Eventually Donna & Tad end up trapped in their stalled car being terrorized by Cujo who will not let them out. In addition it’s really hot outside and the windows cannot be opened and this leads to young Tad having a serious Asthma attack with no inhaler in sight for relief. It becomes a tense standoff between a mother defending her child (& herself) against a creature who is intent on tearing them to shreds but the creature in question is a lovable dog who cannot be faulted for his actions which only leads the audience to feel empathy for the dog as well, more empathy for the dof than for the mother and child perhaps.

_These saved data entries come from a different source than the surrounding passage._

lemma greedyA_0_right: "\<not> greedyA n i 0"
  by (cases i) (simp_all add: greedyA_Suc, simp add: greedyA_def)

lemma greedyA_0_left: "\<not> greedyA n 0 j"
  by (simp add: greedyA_def)

definition ones_left :: "nat \<Rightarrow> nat \<Rightarrow> nat \<Rightarrow> nat set" where
  "ones_left n k c = {j. 1 \<le> j \<and> j < c \<and> greedyA n k j}"

definition ones_above :: "nat \<Rightarrow> nat \<Rightarrow> nat \<Rightarrow> nat set" where
  "ones_above n k c = {i. 1 \<le> i \<and> i < k \<and> greedyA n i c}"

definition completes_rectangle :: "nat \<Rightarrow> nat \<Rightarrow> nat \<Rightarrow> bool" where
  "completes_rectangle n k c \<longleftrightarrow>
     (\<exists>i j. 1 \<le> i \<and> i < k \<and> 1 \<le> j \<and> j < c \<and> greedyA n i j \<and> greedyA n i c \<and> greedyA n k j)"

lemma greedyA_iff:
  assumes "1 \<le> k" "1 \<le> c"
  shows "greedyA n k c \<longleftrightarrow>
    card (ones_left n k c) \<le> n \<and> card (ones_above n k c) \<le> n \<and> \<not> completes_rectangle n k c"
proof -
  obtain k' where k: "k = Suc k'" using assms by (cases k) auto
  obtain c' where c: "c = Suc c'" using assms by (cases c) auto
  define xs where "xs = greedy_row_prefix n (greedy_upto n k') k c'"
  have xs_nth: "xs ! (j - 1) = greedyA n k j" if "1 \<le> j" "j < c" for j
  proof -
    have "xs ! (j - 1) = greedy_row_prefix n (greedy_upto n k') k (Suc (j - 1)) ! (j - 1)"
      unfolding xs_def using that c by (intro nth_greedy_row_prefix) auto
    then show ?thesis using that k by (simp add: greedyA_Suc)
  qed
  have above: "greedy_upto n k' i j = greedyA n i j" if "i < k" for i j
    using that k by (simp add: greedy_upto_eq)
  have "ones_left n k c = Suc ` {t. t < c' \<and> xs ! t}"
  proof (intro set_eqI iffI)
    fix j assume "j \<in> ones_left n k c"
    then have "1 \<le> j" "j < c" "greedyA n k j" unfolding ones_left_def by auto
    then show "j \<in> Suc ` {t. t < c' \<and> xs ! t}"
      using xs_nth c by (intro image_eqI[of j _ "j - 1"]) auto
  next
    fix j assume "j \<in> Suc ` {t. t < c' \<and> xs ! t}"
    then obtain t where "j = Suc t" "t < c'" "xs ! t" by auto
    then show "j \<in> ones_left n k c" using xs_nth[of j] c unfolding ones_left_def by auto
  qed
  then have "length (filter id xs) = card (ones_left n k c)"
    by (simp add: card_image length_filter_conv_card xs_def length_greedy_row_prefix)
  moreover have "{i. 1 \<le> i \<and> i < k \<and> greedy_upto n k' i c} = ones_above n k c"
    using above unfolding ones_above_def by auto
  moreover have "greedyA n k c = greedy_row_prefix n (greedy_upto n k') k c ! c'"
    using k c by (simp add: greedyA_Suc)
  ultimately have "greedyA n k c \<longleftrightarrow> card (ones_left n k c) < n + 1 \<and> card (ones_above n k c) < n + 1
      \<and> \<not> (\<exists>i j. 1 \<le> i \<and> i < k \<and> 1 \<le> j \<and> j < c \<and> greedy_upto n k' i j
              \<and> greedy_upto n k' i c \<and> xs ! (j - 1))"
    using c k by (simp add: Let_def nth_append length_greedy_row_prefix xs_def)
  then show ?thesis
    unfolding completes_rectangle_def using above xs_nth by (metis Suc_eq_plus1 less_Suc_eq_le)
qed

lemma greedyA_D:
  assumes "greedyA n k c"
  shows "1 \<le> k" "1 \<le> c" "card (ones_left n k c) \<le> n" "card (ones_above n k c) \<le> n"
    "\<not> completes_rectangle n k c"
proof -
  show k: "1 \<le> k" and c: "1 \<le> c"
    using assms greedyA_0_left greedyA_0_right by (metis less_one not_less)+
  show "card (ones_left n k c) \<le> n" "card (ones_above n k c) \<le> n" "\<not> completes_rectangle n k c"
    using assms greedyA_iff[OF k c] by simp_all
qed

lemma finite_ones_left [simp]: "finite (ones_left n k c)"
  by (rule finite_subset[of _ "{..<c}"]) (auto simp: ones_left_def)

lemma finite_ones_above [simp]: "finite (ones_above n k c)"
  by (rule finite_subset[of _ "{..<k}"]) (auto simp: ones_above_def)

lemma card_ones_above_le: "card (ones_above n k c) \<le> Suc n"
proof (cases "ones_above n k c = {}")
  case False
  define i where "i = Max (ones_above n k c)"
  have i: "i \<in> ones_above n k c" using False by (simp add: i_def)
  then have "card (ones_above n i c) \<le> n" by (intro greedyA_D) (simp add: ones_above_def)
  moreover have "ones_above n k c \<subseteq> insert i (ones_above n i c)"
  proof
    fix x assume x: "x \<in> ones_above n k c"
    then have "x \<le> i" by (simp add: i_def)
    with x show "x \<in> insert i (ones_above n i c)" by (auto simp: ones_above_def)
  qed
  then have "card (ones_above n k c) \<le> card (insert i (ones_above n i c))"
    by (intro card_mono) simp_all
  ultimately show ?thesis by (simp add: card_insert_if split: if_splits)
qed simp

lemma card_le_Suc_if_subset_row_ones:
  assumes "finite B" "B \<subseteq> row_ones n k"
  shows "card B \<le> Suc n"
proof (cases "B = {}")
  case False
  define j where "j = Max B"
  have "j \<in> row_ones n k" using Max_in[OF assms(1) False] assms(2) by (auto simp: j_def)
  then have "card (ones_left n k j) \<le> n" by (intro greedyA_D) (simp add: row_ones_def)
  moreover have "B \<subseteq> insert j (ones_left n k j)"
  proof
    fix x assume x: "x \<in> B"
    then have "x \<le> j" using assms(1) by (simp add: j_def)
    with x assms(2) show "x \<in> insert j (ones_left n k j)" by (auto simp: ones_left_def row_ones_def)
  qed
  then have "card B \<le> card (insert j (ones_left n k j))"
    by (intro card_mono) simp_all
  ultimately show ?thesis by (simp add: card_insert_if split: if_splits)
qed simp

lemma finite_row_ones [simp]: "finite (row_ones n k)"
proof (rule ccontr)
  assume "infinite (row_ones n k)"
  then obtain B where "finite B" "card B = Suc (Suc n)" "B \<subseteq> row_ones n k"
    using infinite_arbitrarily_large by blast
  then show False using card_le_Suc_if_subset_row_ones by fastforce
qed

lemma card_row_ones_le: "card (row_ones n k) \<le> Suc n"
  by (rule card_le_Suc_if_subset_row_ones[of _ n k]) simp_all

lemma finite_columns_with_ones_above: "finite {c. ones_above n k c \<noteq> {}}"
proof (rule finite_subset)
  show "{c. ones_above n k c \<noteq> {}} \<subseteq> (\<Union>i<k. row_ones n i)"
  proof
    fix c assume "c \<in> {c. ones_above n k c \<noteq> {}}"
    then obtain i where "i \<in> ones_above n k c" by auto
    then have "i < k" "greedyA n i c" by (simp_all add: ones_above_def)
    then show "c \<in> (\<Union>i<k. row_ones n i)" using greedyA_D(2) by (auto simp: row_ones_def)
  qed
qed simp

lemma row_ones_nonempty:
  assumes "1 \<le> k"
  shows "row_ones n k \<noteq> {}"
proof
  assume empty: "row_ones n k = {}"
  obtain c where "c \<notin> insert 0 {c. ones_above n k c \<noteq> {}}"
    using ex_new_if_finite[OF infinite_UNIV_nat finite_insert[THEN iffD2, OF finite_columns_with_ones_above]]
    by blast
  then have c: "1 \<le> c" and "ones_above n k c = {}" by auto
  then have "\<not> completes_rectangle n k c"
    unfolding completes_rectangle_def ones_above_def by blast
  moreover have "ones_left n k c = {}" using empty by (auto simp: row_ones_def ones_left_def)
  ultimately have "greedyA n k c"
    using greedyA_iff[OF assms c] \<open>ones_above n k c = {}\<close> by simp
  then show False using empty c by (auto simp: row_ones_def)
qed

definition ones_right :: "nat \<Rightarrow> nat \<Rightarrow> nat \<Rightarrow> nat set" where
  "ones_right n i f = {c \<in> row_ones n i. f < c}"

lemma finite_ones_right [simp]: "finite (ones_right n i f)"
  by (simp add: ones_right_def)

lemma card_ones_right_le:
  assumes "j \<in> row_ones n i" "j \<le> f"
  shows "card (ones_right n i f) \<le> n"
proof -
  have "card (ones_right n i f) \<le> card (row_ones n i - {j})"
    using assms by (intro card_mono) (auto simp: ones_right_def)
  also have "\<dots> \<le> n" using assms(1) card_row_ones_le[of n i] by simp
  finally show ?thesis .
qed

lemma gap_column_completes_or_full:
  assumes "l \<in> row_ones n k" "1 \<le> c" "c < l" "c \<notin> row_ones n k"
  shows "completes_rectangle n k c \<or> n < card (ones_above n k c)"
proof -
  have l: "greedyA n k l" using assms(1) by (simp add: row_ones_def)
  have "ones_left n k c \<subseteq> ones_left n k l" using assms(3) by (auto simp: ones_left_def)
  then have "card (ones_left n k c) \<le> card (ones_left n k l)" by (intro card_mono) simp_all
  also have "\<dots> \<le> n" using l by (rule greedyA_D)
  finally have "card (ones_left n k c) \<le> n" .
  moreover have "\<not> greedyA n k c" using assms(2,4) by (simp add: row_ones_def)
  ultimately show ?thesis using greedyA_iff[OF greedyA_D(1)[OF l] assms(2)] by (auto simp: not_le)
qed

lemma card_completing_columns_le:
  assumes "l \<in> row_ones n k"
  shows "card {c. c < l \<and> completes_rectangle n k c} \<le> n ^ 3"
proof -
  let ?U = "\<Union>j\<in>row_ones n k - {l}. \<Union>i\<in>ones_above n k j. ones_right n i j"
  have "finite ?U" by (intro finite_UN_I) simp_all
  have "{c. c < l \<and> completes_rectangle n k c} \<subseteq> ?U"
  proof
    fix c assume "c \<in> {c. c < l \<and> completes_rectangle n k c}"
    then obtain i j where "c < l" "1 \<le> i" "i < k" "1 \<le> j" "j < c"
      and "greedyA n i j" "greedyA n i c" "greedyA n k j"
      unfolding completes_rectangle_def by blast
    then have "j \<in> row_ones n k - {l}" "i \<in> ones_above n k j" "c \<in> ones_right n i j"
      by (simp_all add: row_ones_def ones_above_def ones_right_def)
    then show "c \<in> ?U" by blast
  qed
  then have "card {c. c < l \<and> completes_rectangle n k c} \<le> card ?U"
    using \<open>finite ?U\<close> by (intro card_mono)
  also have "card ?U \<le> n * (n * n)"
  proof (rule card_UN_le_mult)
    show "card (row_ones n k - {l}) \<le> n" using assms card_row_ones_le[of n k] by simp
  next
    fix j assume j: "j \<in> row_ones n k - {l}"
    show "card (\<Union>i\<in>ones_above n k j. ones_right n i j) \<le> n * n"
    proof (rule card_UN_le_mult)
      show "card (ones_above n k j) \<le> n" using j by (intro greedyA_D) (simp add: row_ones_def)
      show "card (ones_right n i j) \<le> n" if "i \<in> ones_above n k j" for i
        using that greedyA_D(2) by (intro card_ones_right_le[of j]) (auto simp: ones_above_def row_ones_def)
    qed simp
  qed simp
  finally show ?thesis by (simp add: power3_eq_cube)
qed

lemma blocking_row_in_column:
  assumes f: "f \<in> row_ones n k" and i: "i \<in> ones_above n k c" and "f < c" and "\<not> greedyA n i f"
  shows "\<exists>i' \<in> ones_above n k f. \<exists>j \<in> row_ones n i'. j < f \<and> i \<in> ones_above n k j - {i'}"
proof -
  have "1 \<le> i" "i < k" "greedyA n i c" "1 \<le> f" "greedyA n k f"
    using i f greedyA_D(2) by (auto simp: ones_above_def row_ones_def)
  have "card (ones_left n i f) \<le> n"
    using card_mono[of "ones_left n i c" "ones_left n i f"] greedyA_D(3)[OF \<open>greedyA n i c\<close>] \<open>f < c\<close>
    by (force simp: ones_left_def)
  moreover have "card (ones_above n i f) \<le> n"
    using card_mono[of "ones_above n k f" "ones_above n i f"] greedyA_D(4)[OF \<open>greedyA n k f\<close>] \<open>i < k\<close>
    by (force simp: ones_above_def)
  ultimately have "completes_rectangle n i f"
    using greedyA_iff[OF \<open>1 \<le> i\<close> \<open>1 \<le> f\<close>] assms(4) by blast
  then show ?thesis
    using \<open>i < k\<close> \<open>1 \<le> i\<close>
    by (auto simp: completes_rectangle_def ones_above_def row_ones_def)
qed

While the dog is viscious as he attacks (He does chew through a few cast members before the final showdown), he’s also lovable and as I said earlier, it isn’t his fault that he contracted Rabies and got sick.

Cinematographer Jan De Bont does an excellent job of making everything look and feel like a Norman Rockwell painting and director Teague (Who is VASTLY underrated) does an excellent job in keeping the proceedings moving along despite the inherent slowness of the first 45 minutes. Dee Wallace Stone gives a great performance (She too is vastly underrated) here, running the gamut from loving mother/wife to emotionally torn woman to warrior defending her only child. Without her award worthy performance “Cujo” would be an outright failure…she carries the entire movie on her dainty shoulders. Daniel Kelly gives a good performance but he isn’t in the movie all too much. The late Christopher Stone isn’t in the film all too much either but his character is paramount to the film because of the affair he’s having with Donna and he gives a very “Macho” vibe to the proceedings. Young Danny Pintauro can scream with the best of them and when he goes into an Asthmatic fit he really sells it, another good performance. Frankly “Cujo” is filled with good performances but in the end it’s all about the war between Donna & the dog and the conflict between them is both tense & exciting.

The word “Cujo” became something of a catch word in the years that followed. Whenever a dog (or any other animal) goes rogue you’re always going to hear someone say that it went “Cujo” and that’s more a testament to the power of the film than King’s novel. It’s a good movie that has a better reputation now than it did on it’s original release and if you haven’t seen it yet it is well worth your time.

“Cujo” – 3 shrouds out of 5.

Cujo (1983)

One comment

  1. Victor De Leon

    Awesome review! I kinda always thought that Cujo was a “forgotten” Stephen King movie. Almost like Firestarter. I didn’t know that De Bont was the DP of this movie either and yes, I agree that Teague is under-rated.